A Fast scan runs static analysis, manifest checks, and CVE lookups. It targets a p95 of under 3 minutes (hard cap 20). A Deep scan adds taint-flow analysis and an independent model consensus panel. It targets a p95 of under 20 minutes (hard cap 30) and is available for signed-in users.
Supported targets
Paste any of the following into the scan box. The parser resolves bare names, URLs, version constraints, and official registry IDs.
npm
| Input | Resolves to |
|---|---|
| express | latest version on npm |
| @modelcontextprotocol/sdk | scoped package, latest |
| npm:fastify | explicit prefix, latest |
| npm:@modelcontextprotocol/server-filesystem | scoped with prefix, latest |
| npm:lodash@4.17.21 | pinned version |
| @modelcontextprotocol/sdk@1.0.0 | scoped, pinned version |
| https://www.npmjs.com/package/express | npm URL, latest |
| https://www.npmjs.com/package/@modelcontextprotocol/server-github/v/0.6.2 | npm URL, pinned version |
PyPI
Bare names (e.g. requests) default to npm. Use pypi: prefix or a version constraint to target PyPI.
| Input | Resolves to |
|---|---|
| pypi:requests | latest on PyPI |
| pypi:mcp | Anthropic MCP Python SDK, latest |
| requests==2.31.0 | pinned — == operator detected as PyPI |
| mcp>=1.0.0 | range constraint, scans latest matching |
| httpx[http2]>=0.24.0 | extras stripped, range resolved to latest |
| https://pypi.org/project/mcp/ | PyPI URL, latest |
| https://pypi.org/project/requests/2.31.0/ | PyPI URL, pinned version |
GitHub
| Input | Resolves to |
|---|---|
| modelcontextprotocol/servers | HEAD of default branch |
| github:modelcontextprotocol/servers | explicit prefix, HEAD |
| https://github.com/modelcontextprotocol/servers | GitHub URL, HEAD |
| https://github.com/modelcontextprotocol/servers.git | .git suffix stripped, HEAD |
| https://github.com/modelcontextprotocol/servers/tree/main | pinned branch |
| https://github.com/modelcontextprotocol/servers/tree/v1.2.0 | pinned tag |
Docker
| Input | Resolves to |
|---|---|
| nginx:latest | Docker Hub image with tag |
| nginx:1.27-alpine | pinned tag |
| docker:mcp/fetch | explicit prefix, resolves :latest |
| ghcr.io/owner/image:tag | GitHub Container Registry |
| gcr.io/project/image:tag | Google Container Registry |
| mcr.microsoft.com/mcp-server:latest | Microsoft Container Registry |
| nginx@sha256:abc123 | pinned digest |
Official MCP Registry
Reverse-domain IDs from registry.modelcontextprotocol.io. io.github.* IDs resolve to the actual GitHub repo via the registry, so the version captured is the registry’s current release.
| Input | Resolves to |
|---|---|
| io.github.modelcontextprotocol/servers | looks up repo + version from MCP registry |
| io.github.punkpeye/fastmcp | resolves to github:punkpeye/fastmcp@<registry-version> |
| ai.anthropic/claude-code | MCP registry server ID (non-GitHub) |
| https://registry.modelcontextprotocol.io/servers/io.github.punkpeye/fastmcp | full registry URL |
The rules
Every new rule goes through a precision review before any finding it produces affects a user-visible scan result.

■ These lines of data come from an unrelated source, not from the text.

lemma open_sigma_compact_subgroup_superset:
  fixes M :: "'a::{topological_ab_group_add,t2_space} measure"
  assumes "lca_group TYPE('a)" and M: "haar_measure M"
    and U: "open U" "emeasure M U < \<infinity>"
  obtains G where "open G" "subgroup_set G" "sigma_compact G" "U \<subseteq> G"
proof -
  have "locally_compact_space (euclidean :: 'a topology)"
    using assms(1) unfolding lca_group_def .
  then obtain V K\<^sub>0 where V: "openin euclidean V" "compactin euclidean K\<^sub>0" "(0::'a) \<in> V" "V \<subseteq> K\<^sub>0"
    unfolding locally_compact_space_def topspace_euclidean by blast
  have "\<exists>K. compact K \<and> K \<subseteq> U \<and> measure M U \<le> measure M K + inverse (Suc n)" for n
    by (rule haar_inner_approx_open[OF M U]) auto
  then obtain K :: "nat \<Rightarrow> 'a set"
    where K: "\<And>n. compact (K n)" "\<And>n. K n \<subseteq> U" "\<And>n. measure M U \<le> measure M (K n) + inverse (Suc n)"
    by metis
  define G where "G = subgroup_generated (K\<^sub>0 \<union> (\<Union>n. K n))"
  have G: "subgroup_set G" "K\<^sub>0 \<union> (\<Union>n. K n) \<subseteq> G"
    unfolding G_def by (rule subgroup_set_subgroup_generated subset_subgroup_generated)+
  have "V \<subseteq> G"
    using V(4) G(2) by blast
  then have "open G"
    using open_subgroup_set_if_neighbourhood[OF G(1) V(1)[folded open_openin] V(3)] by blast
  moreover have "sigma_compact (\<Union>n. K n)"
    using K(1) by (intro sigma_compact_UN sigma_compact_compact) auto
  then have "sigma_compact G"
    unfolding G_def using V(2)
    by (intro sigma_compact_subgroup_generated sigma_compact_Un) (simp_all add: sigma_compact_compact)
  moreover have "U \<subseteq> G"
  proof (rule haar_open_subset_open_subgroup[OF M \<open>open G\<close> G(1) U])
    fix e :: real assume "e > 0"
    then obtain n where "inverse (Suc n) < e"
      using reals_Archimedean by blast
    then have "measure M U \<le> measure M (K n) + e"
      using K(3)[of n] by linarith
    moreover have "K n \<subseteq> U \<inter> G"
      using K(2) G(2) by blast
    ultimately show "\<exists>K. compact K \<and> K \<subseteq> U \<inter> G \<and> measure M U \<le> measure M K + e"
      using K(1) by blast
  qed
  ultimately show ?thesis
    using that G(1) by blast
qed

lemma pos_def_onD:
  fixes n :: nat and c :: "nat \<Rightarrow> complex" and g :: "nat \<Rightarrow> 'a::ab_group_add"
  assumes "pos_def_on H f" "\<forall>i<n. g i \<in> H"
  shows "Im (\<Sum>i<n. \<Sum>j<n. c i * cnj (c j) * complex_of_real (f (g i - g j))) = 0 \<and>
         0 \<le> Re (\<Sum>i<n. \<Sum>j<n. c i * cnj (c j) * complex_of_real (f (g i - g j)))"
  using assms unfolding pos_def_on_def Let_def by blast

lemma pos_def_on_le_one:
  fixes f :: "'a::ab_group_add \<Rightarrow> real"
  assumes f: "pos_def_on H f" "f 0 = 1" and "0 \<in> H" "x \<in> H"
  shows "f x \<le> 1"
proof -
  define g :: "nat \<Rightarrow> 'a" where "g i = (if i = 0 then 0 else x)" for i
  have g: "\<forall>i<2. g i \<in> H"
    using assms(3,4) by (simp add: g_def)
  have "f x = f (- x)"
    using pos_def_onD[OF f(1) g, of "\<lambda>i. if i = 0 then 1 else \<i>"]
    by (simp add: numeral_2_eq_2 g_def)
  moreover have "0 \<le> 2 - f x - f (- x)"
    using pos_def_onD[OF f(1) g, of "\<lambda>i. if i = 0 then 1 else -1"] f(2)
    by (simp add: numeral_2_eq_2 g_def)
  ultimately show ?thesis
    by linarith
qed

lemma subgroup_set_coset_representative:
  fixes g :: "nat \<Rightarrow> 'a::ab_group_add"
  assumes H: "subgroup_set H"
  obtains r :: "nat \<Rightarrow> nat"
  where "\<And>i. g (r i) - g i \<in> H" "\<And>i j. r i = r j \<longleftrightarrow> g i - g j \<in> H"
proof -
  define r where "r i = (LEAST j. g j - g i \<in> H)" for i
  have "0 \<in> H"
    using H unfolding subgroup_set_def by blast
  have rep: "g (r i) - g i \<in> H" for i
    unfolding r_def by (rule LeastI[where k = i]) (simp add: \<open>0 \<in> H\<close>)
  have "r i = r j \<longleftrightarrow> g i - g j \<in> H" for i j
  proof
    assume "r i = r j"
    have "(g (r j) - g j) - (g (r i) - g i) \<in> H"
      by (rule subgroup_set_diff[OF H rep rep])
    then show "g i - g j \<in> H"
      unfolding \<open>r i = r j\<close> by simp
  next
    assume ij: "g i - g j \<in> H"
    have "g k - g i \<in> H \<longleftrightarrow> g k - g j \<in> H" for k
    proof
      assume "g k - g i \<in> H"
      then have "(g k - g i) + (g i - g j) \<in> H"
        using H ij unfolding subgroup_set_def by blast
      then show "g k - g j \<in> H"
        by simp
    next
      assume "g k - g j \<in> H"
      then have "(g k - g j) - (g i - g j) \<in> H"
        using subgroup_set_diff[OF H _ ij] by blast
      then show "g k - g i \<in> H"
        by simp
    qed
    then have "(\<lambda>k. g k - g i \<in> H) = (\<lambda>k. g k - g j \<in> H)"
      by blast
    then show "r i = r j"
      unfolding r_def by (rule arg_cong)
  qed
  with rep show thesis
    by (rule that)
qed

lemma sum_sum_if_same_class:
  fixes X :: "nat \<Rightarrow> nat \<Rightarrow> 'b::comm_monoid_add"
  shows "(\<Sum>i<n. \<Sum>j<n. if r i = r j then X i j else 0)
       = (\<Sum>k\<in>r ` {..<n}. \<Sum>i<n. \<Sum>j<n. if r i = k \<and> r j = k then X i j else 0)"
proof -
  have "(\<Sum>k\<in>r ` {..<n}. if r i = k \<and> r j = k then X i j else 0) = (if r i = r j then X i j else 0)"
    if "i \<in> {..<n}" for i j
  proof -
    have "(\<Sum>k\<in>r ` {..<n}. if r i = k \<and> r j = k then X i j else 0)
        = (\<Sum>k\<in>r ` {..<n}. if r i = k then (if r i = r j then X i j else 0) else 0)"
      by (intro sum.cong) auto
    also have "\<dots> = (if r i = r j then X i j else 0)"
      using that by (simp add: sum.delta')
    finally show ?thesis .
  qed
  then have "(\<Sum>i<n. \<Sum>j<n. \<Sum>k\<in>r ` {..<n}. if r i = k \<and> r j = k then X i j else 0)
      = (\<Sum>i<n. \<Sum>j<n. if r i = r j then X i j else 0)"
    by (intro sum.cong refl) simp
  moreover have "(\<Sum>k\<in>r ` {..<n}. \<Sum>i<n. \<Sum>j<n. if r i = k \<and> r j = k then X i j else 0)
      = (\<Sum>i<n. \<Sum>j<n. \<Sum>k\<in>r ` {..<n}. if r i = k \<and> r j = k then X i j else 0)"
    by (simp only: sum.swap[where A = "r ` {..<n}"])
  ultimately show ?thesis
    by simp
qed

lemma pos_def_on_extend_zero:
  fixes f :: "'a::ab_group_add \<Rightarrow> real"
  assumes H: "subgroup_set H" and f: "pos_def_on H f"
  shows "pos_def_on UNIV (\<lambda>x. if x \<in> H then f x else 0)"
  unfolding pos_def_on_def Let_def
proof (intro allI impI)
  fix n :: nat and c :: "nat \<Rightarrow> complex" and g :: "nat \<Rightarrow> 'a"
  obtain r where rep: "\<And>i. g (r i) - g i \<in> H" and same: "\<And>i j. r i = r j \<longleftrightarrow> g i - g j \<in> H"
    using subgroup_set_coset_representative[OF H] by blast
  define X where "X i j = c i * cnj (c j) * complex_of_real (f (g i - g j))" for i j
  define block where
    "block k = (\<Sum>i<n. \<Sum>j<n. if r i = k \<and> r j = k then X i j else 0)" for k
  \<comment> \<open>In the block of the coset class with representative \<open>k\<close>, the points \<open>g i - g k\<close>
    lie in \<open>H\<close> and the coefficients outside the class vanish, so each block is a
    quadratic form of \<open>f\<close> on \<open>H\<close>.\<close>
  have block_form: "block k = (\<Sum>i<n. \<Sum>j<n.
      (if r i = k then c i else 0) * cnj (if r j = k then c j else 0) *
      complex_of_real (f ((if r i = k then g i - g k else 0) - (if r j = k then g j - g k else 0))))" for k
    unfolding block_def X_def by (intro sum.cong refl) simp
  have in_H: "\<forall>i<n. (if r i = k then g i - g k else 0) \<in> H" for k
  proof (intro allI impI)
    fix i
    have "- (g (r i) - g i) \<in> H" "0 \<in> H"
      using H rep unfolding subgroup_set_def by blast+
    then show "(if r i = k then g i - g k else 0) \<in> H"
      by auto
  qed
  have "(\<Sum>i<n. \<Sum>j<n. c i * cnj (c j) * complex_of_real (if g i - g j \<in> H then f (g i - g j) else 0))
      = (\<Sum>i<n. \<Sum>j<n. if r i = r j then X i j else 0)"
    unfolding X_def same by (intro sum.cong refl) auto
  also have "\<dots> = (\<Sum>k\<in>r ` {..<n}. block k)"
    unfolding block_def by (rule sum_sum_if_same_class)
  finally have form: "(\<Sum>i<n. \<Sum>j<n. c i * cnj (c j) * complex_of_real (if g i - g j \<in> H then f (g i - g j) else 0))
      = (\<Sum>k\<in>r ` {..<n}. block k)" .
  have "Im (block k) = 0 \<and> 0 \<le> Re (block k)" for k
    unfolding block_form by (rule pos_def_onD[OF f in_H])
  then show "Im (\<Sum>i<n. \<Sum>j<n. c i * cnj (c j) * complex_of_real (if g i - g j \<in> H then f (g i - g j) else 0)) = 0 \<and>
        0 \<le> Re (\<Sum>i<n. \<Sum>j<n. c i * cnj (c j) * complex_of_real (if g i - g j \<in> H then f (g i - g j) else 0))"
    unfolding form Im_sum Re_sum by (auto intro: sum_nonneg)
qed

lemma restrict_space_UNIV: "restrict_space M UNIV = M"
proof (rule measure_eqI)
  fix A assume "A \<in> sets (restrict_space M UNIV)"
  then show "emeasure (restrict_space M UNIV) A = emeasure M A"
    by (intro emeasure_restrict_space) simp_all
qed simp

lemma GG_le_indicator:
  assumes f: "f \<in> GG M S \<Omega>" and S: "subgroup_set S" and "x \<in> S"
  shows "f x \<le> indicator \<Omega> x"
proof (cases "f x > 0")
  case True
  have "0 \<in> S"
    using S unfolding subgroup_set_def by blast
  then have "f x \<le> 1"
    using f \<open>x \<in> S\<close> unfolding GG_def by (auto intro: pos_def_on_le_one)
  moreover have "x \<in> supp_on S (pos_part f)"
    using True \<open>x \<in> S\<close> closure_subset unfolding supp_on_def pos_part_def by fastforce
  then have "x \<in> \<Omega>"
    using f unfolding GG_def by blast
  ultimately show ?thesis
    by simp
qed (simp add: indicator_def)

lemma integral_GG_le_measure:
  fixes M :: "'a::{topological_ab_group_add,t2_space} measure"
  assumes M: "haar_measure M" and f: "f \<in> GG M S \<Omega>" and S: "subgroup_set S" "S \<in> sets M"
    and \<Omega>: "\<Omega> \<in> sets M" "emeasure M \<Omega> < \<infinity>"
  shows "integral\<^sup>L (restrict_space M S) f \<le> measure M \<Omega>"
proof -
  have S': "S \<inter> space M \<in> sets M"
    using S(2) by simp
  have "integral\<^sup>L (restrict_space M S) f = integral\<^sup>L M (\<lambda>x. indicator S x * f x)"
    using integral_restrict_space[OF S', of f] by simp
  also have "\<dots> \<le> integral\<^sup>L M (indicator \<Omega>)"
  proof (rule integral_mono)
    show "integrable M (\<lambda>x. indicator S x * f x)"
      using f integrable_restrict_space[OF S', of f] unfolding GG_def by simp
    show "integrable M (indicator \<Omega> :: 'a \<Rightarrow> real)"
      using \<Omega> by simp
    show "indicator S x * f x \<le> (indicator \<Omega> x :: real)" for x
      using GG_le_indicator[OF f S(1), of x] by (cases "x \<in> S") auto
  qed
  also have "\<dots> = measure M \<Omega>"
    using \<Omega> space_haar_measure[OF M] by simp
  finally show ?thesis .
qed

What we check today: destructive-tool annotations without confirmation, runtime secret exfiltration, over-broad permissions, OAuth over-scoping, prompt injection into inner LLMs, overbroad input schemas, install-time remote-exec hooks, typosquat package names, known CVEs, container running as root, plaintext secrets in environment files, and more. Browse the full detection rules list, or see how it maps to the MCP Top 10.
The model consensus (Deep scans only)
Five independent models from four different vendors vote on each tool handler. No single model can unilaterally move a score. We record every vote and show you the full judge panel on the result page — including disagreements.
- Anthropic Claude Haiku 4.5 (via Bedrock, Frankfurt)
- Anthropic Claude 3.7 Sonnet (via Bedrock, Frankfurt)
- Google Gemini 2.5 Flash (via Vertex AI, Frankfurt)
- Mistral Small (via Mistral La Plateforme, Paris)
- OpenAI GPT-4o-mini (via OpenAI API)
Per-judge verdicts are aggregated as a cross-judge median, not a majority vote — one outlier vote can't move the score.
Model votes are not the scan. They are a second opinion on semantic intent. A rule finding alone will flag a server; model votes adjust the score, not the verdict.
The grade
We publish a 0–100 safety score and a letter grade. The score is a weighted average across signal categories including injection, secrets, permissions, supply chain, destructive actions, CVEs, typosquats, server configuration, and community signals.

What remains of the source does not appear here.